Клюквин почти ласково хлопнул по плечу, еще укрытого тьмой человека. Тот встал. Все увидели упитанного розовощекого парня в красной футболке ― Савелия Пескарева. Он застенчиво улыбался, словно только что напек блинов для собравшихся по рецепту, в котором сам еще был не уверен.

Кровь из лица судьи хлынула по иным маршрутам.

― Зачем ты сюда приперся? ― голосом выпи закричал он. В него полетели взгляды: здесь его знали сдержанным и вальяжным хранителем закона, а не обманутой проституткой. ― Зачем?

Пескарев свесился с балкона.

― Федор Карпыч, вы чего? Сами ж позвонили и сказали.

― Я?

― Ну да. А кто ж мне сказал, чтоб я еще в этой футболке пришел? Она у меня уже год как не носится…

― Федор Карпович, ― сказал Зарубин таким голосом, словно вся власть от судьи перешла к нему, ― не надо. Конечно, это звонили не вы…
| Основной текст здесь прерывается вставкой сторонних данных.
(* Let $\lambda\in\rho(A)$ with $\xi_1(\lambda)\ne0$ and $w(\lambda)\ne0$, and let $\mathcal K(\cdot,\cdot,\lambda):(0,\infty)\times(0,\infty)\to\mathbb C^{n\times n}$ be given by $\mathcal K_{ik}(x,x',\lambda)=K(x,x',\lambda)$ where $x$ is viewed as a point of $N_i$ and $x'$ as a point of $N_k$. Then there do not exist $p\in\mathbb N$, functions $w_1,\dots,w_p\in\ker(A_T-\lambda I)$ and constants $\alpha_{lq},\beta_{lq}\in\mathbb C$ ($l,q=1,\dots,p$) such that for all $x,x'\in(0,\infty)$ $$\mathcal K(x,x',\lambda)=\begin{cases}\sum_{q=1}^p\Big(\sum_{l=1}^p\alpha_{lq}w_l(x)\Big)w_q(x')^T,& x'\le x,\\[2pt] \sum_{q=1}^p\Big(\sum_{l=1}^p\beta_{lq}w_l(x)\Big)w_q(x')^T,& x'>x,\end{cases}$$ where the $w_q$ are regarded as $\mathbb C^n$-valued column vectors on $(0,\infty)$.
   Context: Fix an integer $n\ge 2$, constants $c_1,\dots,c_n>0$ and $0\le a_1\le\dots\le a_n<\infty$. Let $N_1,\dots,N_n$ be $n$ disjoint copies of $(0,\infty)$ and $N$ the star-shaped network obtained from $\overline{N_1},\dots,\overline{N_n}$ by identifying their endpoints $0$. $H=\prod_kL^2(N_k)$. $A$: $D(A)=\{u\in\prod_kH^2(N_k): u_i(0)=u_k(0)\ \forall i,k,\ \sum_kc_ku_k'(0^+)=0\}$, $Au=(-c_ku_k''+a_ku_k)_k$. $\ker(A_T-\lambda I)$ denotes the set of $u=(u_1,\dots,u_n)\in\prod_kC^2([0,\infty))$ with $-c_ku_k''+a_ku_k=\lambda u_k$ on $(0,\infty)$ for each $k$, $u_i(0)=u_k(0)$ for all $i,k$, and $\sum_kc_ku_k'(0^+)=0$ (no integrability at infinity required). Complex square root: $\sqrt{re^{i\phi}}=\sqrt re^{i\phi/2}$, $r\ge0$, $\phi\in[-\pi,\pi)$. For $\lambda\in\mathbb C$: $\xi_k(\lambda)=\sqrt{(\lambda-a_k)/c_k}$, $s_k(\lambda)=-\sum_{l\ne k}c_l\xi_l(\lambda)/(c_k\xi_k(\lambda))$. For $j\in\{1,\dots,n\}$, $F^{\pm,j}_\lambda:N\to\mathbb C$ is given for $x\in\overline{N_k}$ by $F^{\pm,j}_\lambda(x)=\cos(\xi_j(\lambda)x)\pm is_j(\lambda)\sin(\xi_j(\lambda)x)$ if $k=j$ and $\exp(\pm i\xi_k(\lambda)x)$ if $k\ne j$. $w(\lambda)=i\sum_jc_j\xi_j(\lambda)$ if $\Im\lambda>0$ and $w(\lambda)=-i\sum_jc_j\xi_j(\lambda)$ if $\Im\lambda\le0$. For $w(\lambda)\ne0$, $x\in\overline{N_j}$, $x'\in N$ (sign $+$ if $\Im\lambda>0$, $-$ if $\Im\lambda\le0$; $j+1$ modulo $n$): $K(x,x',\lambda)=\frac1{w(\lambda)}F^{\pm,j}_\lambda(x)F^{\pm,j+1}_\lambda(x')$ if $x'\in\overline{N_j}$, $x'>x$; and $K(x,x',\lambda)=\frac1{w(\lambda)}F^{\pm,j+1}_\lambda(x)F^{\pm,j}_\lambda(x')$ if $x'\in\overline{N_k}$, $k\ne j$, or $x'\in\overline{N_j}$, $x'<x$. ($K$ is the kernel of the resolvent $(\lambda I-A)^{-1}$ for $\lambda\in\rho(A)$, $\Re\lambda\ge a_1$.) *)

theory Defs
  imports "HOL-Analysis.Analysis"
begin
(* Let $I\subset[0,+\infty)$ be an open interval, $\beta\in\{-1,1\}$, $t_0\in I$, $T>0$ with $t_0+\beta T\in I$, $\kappa,\mu\in\,]-1,+\infty[$, $\xi\in[0,1]$. Let the noise $\varpi$ be either a Wiener process with parameter $\sigma^2$ (set $\eta=\sigma^2$) or a Poisson process with intensity $\nu$ (set $\eta=\nu$). Then for the Jacobi estimators of the first order derivative, $$\mathrm{Var}\big[e^{\mu,\kappa}_{\varpi,\beta T}(t_0)\big]=\frac{2\eta}{T}\,\frac{\mu+1}{2\mu+2\kappa+5}\,\frac{B(2\mu+2,2\kappa+3)}{B^2(\kappa+2,\mu+2)},$$ and $$\mathrm{Var}\big[e^{\mu,\kappa}_{\varpi,\beta T,2,\xi}(t_0)\big]=\lambda_1^2\frac{2\eta}{T}\frac{\mu+2}{2\mu+2\kappa+7}\frac{B(2\mu+4,2\kappa+3)}{B^2(\kappa+2,\mu+3)}+\lambda_0^2\frac{2\eta}{T}\frac{\mu+1}{2\mu+2\kappa+7}\frac{B(2\mu+2,2\kappa+5)}{B^2(\kappa+3,\mu+2)}+\lambda_0\lambda_1\frac{2\eta}{T}\frac{B(2\mu+4,2\kappa+4)}{B(\kappa+2,\mu+3)B(\kappa+3,\mu+2)},$$ where $\lambda_1=(\kappa+3)-(\mu+\kappa+5)\xi$ and $\lambda_0=1-\lambda_1$.
   Context: $B$ is the Beta function. A Wiener process with parameter $\sigma^2$ has mean $0$ and covariance $\sigma^2\min(t,s)$; a Poisson process with intensity $\nu$ has mean $\nu t$ and covariance $\nu\min(t,s)$. For $a,b>-1$ the minimal first-order Jacobi estimator kernel is $p^{a,b}_{\beta T}(\tau)=\frac{1}{\beta T}\frac{\Gamma(a+b+4)}{\Gamma(b+2)\Gamma(a+2)}\big((a+b+2)\tau-(b+1)\big)(1-\tau)^{a}\tau^{b}$, and $e^{\mu,\kappa}_{\varpi,\beta T}(t_0)=\int_0^1p^{\mu,\kappa}_{\beta T}(\tau)\varpi(t_0+\beta T\tau)d\tau$ (mean-square integral). The affine first-order Jacobi estimator with $N=2$ has kernel $p^{\mu,\kappa}_{\beta T,2,\xi}=\lambda_1 p^{\mu+1,\kappa}_{\beta T}+\lambda_0p^{\mu,\kappa+1}_{\beta T}$ and noise error contribution $e^{\mu,\kappa}_{\varpi,\beta T,2,\xi}(t_0)=\int_0^1p^{\mu,\kappa}_{\beta T,2,\xi}(\tau)\varpi(t_0+\beta T\tau)d\tau$. *)

theory Defs
  imports "HOL-Probability.Probability"
begin

definition jacobi_kernel :: "real \<Rightarrow> real \<Rightarrow> real \<Rightarrow> real \<Rightarrow> real" where
  "jacobi_kernel a b h \<tau> =
     (1 / h) * (Gamma (a + b + 4) / (Gamma (b + 2) * Gamma (a + 2)))
     * ((a + b + 2) * \<tau> - (b + 1)) * (1 - \<tau>) powr a * \<tau> powr b"

definition jacobi_lambda1 :: "real \<Rightarrow> real \<Rightarrow> real \<Rightarrow> real" where
  "jacobi_lambda1 \<mu> \<kappa> \<xi> = (\<kappa> + 3) - (\<mu> + \<kappa> + 5) * \<xi>"

definition jacobi_lambda0 :: "real \<Rightarrow> real \<Rightarrow> real \<Rightarrow> real" where
  "jacobi_lambda0 \<mu> \<kappa> \<xi> = 1 - jacobi_lambda1 \<mu> \<kappa> \<xi>"

definition jacobi_kernel_affine2 :: "real \<Rightarrow> real \<Rightarrow> real \<Rightarrow> real \<Rightarrow> real \<Rightarrow> real" where
  "jacobi_kernel_affine2 \<mu> \<kappa> \<xi> h \<tau> =
     jacobi_lambda1 \<mu> \<kappa> \<xi> * jacobi_kernel (\<mu> + 1) \<kappa> h \<tau>
   + jacobi_lambda0 \<mu> \<kappa> \<xi> * jacobi_kernel \<mu> (\<kappa> + 1) h \<tau>"

definition rv_variance :: "'a measure \<Rightarrow> ('a \<Rightarrow> real) \<Rightarrow> real" where
  "rv_variance M Y = integral\<^sup>L M (\<lambda>\<omega>. (Y \<omega> - integral\<^sup>L M Y)\<^sup>2)"

definition second_order_process ::
  "'a measure \<Rightarrow> (real \<Rightarrow> 'a \<Rightarrow> real) \<Rightarrow> (real \<Rightarrow> real) \<Rightarrow> (real \<Rightarrow> real \<Rightarrow> real) \<Rightarrow> bool" where
  "second_order_process M X m c \<longleftrightarrow>
     (\<forall>t\<ge>0. X t \<in> borel_measurable M \<and> integrable M (\<lambda>\<omega>. (X t \<omega>)\<^sup>2)
              \<and> integral\<^sup>L M (X t) = m t) \<and>
     (\<forall>t s. t \<ge> 0 \<longrightarrow> s \<ge> 0 \<longrightarrow>
        integral\<^sup>L M (\<lambda>\<omega>. (X t \<omega> - m t) * (X s \<omega> - m s)) = c t s)"

definition wiener_process_param :: "'a measure \<Rightarrow> (real \<Rightarrow> 'a \<Rightarrow> real) \<Rightarrow> real \<Rightarrow> bool" where
  "wiener_process_param M X \<sigma>2 \<longleftrightarrow>
     \<sigma>2 > 0 \<and> second_order_process M X (\<lambda>_. 0) (\<lambda>t s. \<sigma>2 * min t s)"

definition poisson_process_intensity :: "'a measure \<Rightarrow> (real \<Rightarrow> 'a \<Rightarrow> real) \<Rightarrow> real \<Rightarrow> bool" where
  "poisson_process_intensity M X \<nu> \<longleftrightarrow>
     \<nu> > 0 \<and> second_order_process M X (\<lambda>t. \<nu> * t) (\<lambda>t s. \<nu> * min t s)"

text \<open>Y is the mean-square integral over [0,1] of tau |-> f tau * Z tau, characterised
  weakly (as an element of L2(M)): for every square-integrable W,
  E[Y W] = int_0^1 f(tau) E[Z(tau) W] dtau.\<close>
definition ms_integral01 ::
  "'a measure \<Rightarrow> (real \<Rightarrow> real) \<Rightarrow> (real \<Rightarrow> 'a \<Rightarrow> real) \<Rightarrow> ('a \<Rightarrow> real) \<Rightarrow> bool" where
  "ms_integral01 M f Z Y \<longleftrightarrow>
     Y \<in> borel_measurable M \<and> integrable M (\<lambda>\<omega>. (Y \<omega>)\<^sup>2) \<and>
     (\<forall>W. W \<in> borel_measurable M \<longrightarrow> integrable M (\<lambda>\<omega>. (W \<omega>)\<^sup>2) \<longrightarrow>
        set_integrable lborel {0..1} (\<lambda>\<tau>. f \<tau> * integral\<^sup>L M (\<lambda>\<omega>. Z \<tau> \<omega> * W \<omega>)) \<and>
        integral\<^sup>L M (\<lambda>\<omega>. Y \<omega> * W \<omega>) =
          (LINT \<tau>:{0..1}|lborel. f \<tau> * integral\<^sup>L M (\<lambda>\<omega>. Z \<tau> \<omega> * W \<omega>)))"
― Не Федор Карпыч? ― удивился с балкона Пескарев.

― Не я? ― растерялся судья.

Все уже стояли на ногах. «Пуришкевич» чуть не целиком вылез на сцену. Судья растоптал сигарету и взял следующую.

― Ну, конечно, нет. Помните, Федор Карпович, я пришел к вам с телеграммой Савелию от неких Крючковых. Ну. Никаких Крючковых не существует. То есть, они есть, и они отправили телеграмму. Это родственники моего коллеги по отделу, капитана Плакатова. Ну вот опять мы сбились на фамилии. Он попросил их дать телеграмму, ее вернули на почту, я ее там «нашел», зная, что она там лежит. Пришел к вам, вы, естественно, возмутились: какие еще Крючковы. Помните? И когда я ушел, вы позвонили Пескареву. Так мы вычислили номер. Ну, а дальше ― совсем ерунда. Вчера уже мы ему позвонили и приблизительно вашим голосом сказали прийти сюда к шести часам. У театра дежурил Анатолий… Ну и…

Зарубин щелкнул пальцами. В кино, что он смотрел, так делали люди, неожиданно обретавшие свежую идею. Зарубин, правда, уже предъявил эту идею, но надеялся, что никто не обратит внимания на поломанную очередность. Никто и не обратил.

Судья вернулся в кресло и достал новую сигарету, забыв прикурить.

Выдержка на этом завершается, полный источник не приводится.